Records for this task Start Marker

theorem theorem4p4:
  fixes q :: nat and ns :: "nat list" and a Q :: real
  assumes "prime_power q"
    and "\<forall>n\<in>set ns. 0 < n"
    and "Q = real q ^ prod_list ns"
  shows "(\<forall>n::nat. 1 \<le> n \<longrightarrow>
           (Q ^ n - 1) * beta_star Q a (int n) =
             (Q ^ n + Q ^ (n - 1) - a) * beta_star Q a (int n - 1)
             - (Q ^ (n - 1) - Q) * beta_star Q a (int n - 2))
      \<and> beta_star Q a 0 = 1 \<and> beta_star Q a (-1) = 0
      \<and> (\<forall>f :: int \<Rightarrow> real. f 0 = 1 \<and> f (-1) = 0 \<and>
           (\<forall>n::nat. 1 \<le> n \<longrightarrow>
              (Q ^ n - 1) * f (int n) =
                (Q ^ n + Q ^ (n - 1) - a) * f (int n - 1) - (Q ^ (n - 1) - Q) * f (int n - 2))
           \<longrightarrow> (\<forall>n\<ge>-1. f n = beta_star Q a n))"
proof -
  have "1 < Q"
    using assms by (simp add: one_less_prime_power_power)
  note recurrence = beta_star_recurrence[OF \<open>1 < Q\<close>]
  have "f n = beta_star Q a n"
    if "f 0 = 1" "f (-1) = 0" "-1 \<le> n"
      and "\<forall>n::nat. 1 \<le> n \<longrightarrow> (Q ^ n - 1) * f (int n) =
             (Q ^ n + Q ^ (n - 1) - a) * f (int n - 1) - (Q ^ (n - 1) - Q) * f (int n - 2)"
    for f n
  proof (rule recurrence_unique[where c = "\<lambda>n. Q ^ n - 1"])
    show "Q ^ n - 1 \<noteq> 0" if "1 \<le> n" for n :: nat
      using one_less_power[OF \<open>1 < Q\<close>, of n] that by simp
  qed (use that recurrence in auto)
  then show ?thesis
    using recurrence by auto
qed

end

Records for this task End Marker
Records for this task Start Marker

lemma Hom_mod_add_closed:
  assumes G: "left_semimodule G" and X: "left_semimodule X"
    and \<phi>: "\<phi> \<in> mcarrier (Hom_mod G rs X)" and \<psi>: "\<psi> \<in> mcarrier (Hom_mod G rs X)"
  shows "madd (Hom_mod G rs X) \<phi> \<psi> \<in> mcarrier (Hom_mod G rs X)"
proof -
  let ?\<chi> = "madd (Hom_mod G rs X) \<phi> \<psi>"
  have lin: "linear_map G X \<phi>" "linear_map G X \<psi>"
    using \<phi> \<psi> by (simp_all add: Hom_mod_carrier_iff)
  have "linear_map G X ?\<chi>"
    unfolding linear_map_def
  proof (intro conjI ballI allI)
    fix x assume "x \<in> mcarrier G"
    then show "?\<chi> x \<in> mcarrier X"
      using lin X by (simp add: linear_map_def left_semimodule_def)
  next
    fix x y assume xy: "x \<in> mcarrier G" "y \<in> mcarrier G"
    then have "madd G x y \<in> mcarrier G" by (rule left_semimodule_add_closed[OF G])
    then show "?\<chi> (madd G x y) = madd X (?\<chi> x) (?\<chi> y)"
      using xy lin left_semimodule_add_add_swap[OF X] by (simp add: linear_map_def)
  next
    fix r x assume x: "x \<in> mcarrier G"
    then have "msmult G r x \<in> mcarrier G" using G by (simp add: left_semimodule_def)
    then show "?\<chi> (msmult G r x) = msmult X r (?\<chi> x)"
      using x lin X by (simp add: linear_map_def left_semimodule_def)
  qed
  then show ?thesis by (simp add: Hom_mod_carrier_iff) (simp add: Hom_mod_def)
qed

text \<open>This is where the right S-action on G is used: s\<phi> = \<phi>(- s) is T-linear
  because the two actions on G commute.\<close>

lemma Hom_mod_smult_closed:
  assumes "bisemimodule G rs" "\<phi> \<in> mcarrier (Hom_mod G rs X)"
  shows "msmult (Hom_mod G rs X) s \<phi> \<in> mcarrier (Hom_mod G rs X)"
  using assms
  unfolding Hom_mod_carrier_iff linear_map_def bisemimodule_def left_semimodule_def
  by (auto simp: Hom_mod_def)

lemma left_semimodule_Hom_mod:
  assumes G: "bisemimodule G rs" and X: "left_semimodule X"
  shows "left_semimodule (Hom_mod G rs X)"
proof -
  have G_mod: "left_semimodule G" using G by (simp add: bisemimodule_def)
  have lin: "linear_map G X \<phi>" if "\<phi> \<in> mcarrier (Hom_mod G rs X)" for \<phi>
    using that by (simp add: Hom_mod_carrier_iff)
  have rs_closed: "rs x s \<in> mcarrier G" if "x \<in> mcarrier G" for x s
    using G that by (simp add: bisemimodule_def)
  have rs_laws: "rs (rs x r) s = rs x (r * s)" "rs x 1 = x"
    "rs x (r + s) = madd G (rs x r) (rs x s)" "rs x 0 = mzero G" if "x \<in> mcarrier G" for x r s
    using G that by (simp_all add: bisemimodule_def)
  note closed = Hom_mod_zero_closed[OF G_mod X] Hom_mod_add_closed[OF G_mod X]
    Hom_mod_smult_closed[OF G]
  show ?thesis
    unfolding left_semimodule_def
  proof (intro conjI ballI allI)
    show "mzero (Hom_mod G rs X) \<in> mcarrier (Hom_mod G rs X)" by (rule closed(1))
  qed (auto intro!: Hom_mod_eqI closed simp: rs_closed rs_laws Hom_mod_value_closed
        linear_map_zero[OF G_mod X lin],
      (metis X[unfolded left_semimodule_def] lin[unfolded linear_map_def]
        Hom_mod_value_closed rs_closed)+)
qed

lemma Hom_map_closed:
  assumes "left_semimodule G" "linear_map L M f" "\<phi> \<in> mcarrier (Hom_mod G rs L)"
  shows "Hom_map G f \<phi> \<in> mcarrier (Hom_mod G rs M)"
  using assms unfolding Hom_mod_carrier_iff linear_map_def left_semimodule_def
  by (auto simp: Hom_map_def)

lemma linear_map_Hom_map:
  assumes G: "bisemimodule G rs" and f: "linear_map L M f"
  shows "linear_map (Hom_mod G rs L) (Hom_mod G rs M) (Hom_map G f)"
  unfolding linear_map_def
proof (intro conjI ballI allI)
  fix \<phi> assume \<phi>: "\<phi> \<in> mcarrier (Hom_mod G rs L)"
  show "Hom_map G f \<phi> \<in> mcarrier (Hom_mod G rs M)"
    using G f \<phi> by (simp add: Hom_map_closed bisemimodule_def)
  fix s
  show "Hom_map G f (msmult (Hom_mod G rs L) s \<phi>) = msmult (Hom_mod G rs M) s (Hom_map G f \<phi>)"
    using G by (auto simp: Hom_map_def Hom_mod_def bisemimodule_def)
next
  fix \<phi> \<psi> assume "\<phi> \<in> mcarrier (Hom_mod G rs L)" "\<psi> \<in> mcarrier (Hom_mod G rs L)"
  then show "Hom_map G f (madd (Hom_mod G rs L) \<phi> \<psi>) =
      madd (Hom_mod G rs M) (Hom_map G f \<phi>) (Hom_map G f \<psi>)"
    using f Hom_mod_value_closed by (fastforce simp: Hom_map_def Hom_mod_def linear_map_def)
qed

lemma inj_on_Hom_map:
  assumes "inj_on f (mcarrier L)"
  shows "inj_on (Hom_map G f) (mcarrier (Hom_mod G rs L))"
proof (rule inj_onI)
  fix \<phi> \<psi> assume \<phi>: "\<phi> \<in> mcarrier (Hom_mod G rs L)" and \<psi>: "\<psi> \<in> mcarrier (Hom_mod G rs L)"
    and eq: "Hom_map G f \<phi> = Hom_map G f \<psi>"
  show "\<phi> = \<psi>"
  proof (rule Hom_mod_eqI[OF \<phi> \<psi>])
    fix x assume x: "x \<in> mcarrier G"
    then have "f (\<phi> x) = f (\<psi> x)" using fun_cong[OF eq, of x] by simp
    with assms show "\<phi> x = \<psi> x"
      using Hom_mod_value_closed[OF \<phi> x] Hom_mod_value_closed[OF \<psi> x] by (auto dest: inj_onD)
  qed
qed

Records for this task End Marker

● **Problem**
Looking at the listing above, count the lines that contain "unfolding" and give nothing but the number.

● **Expected answer**
5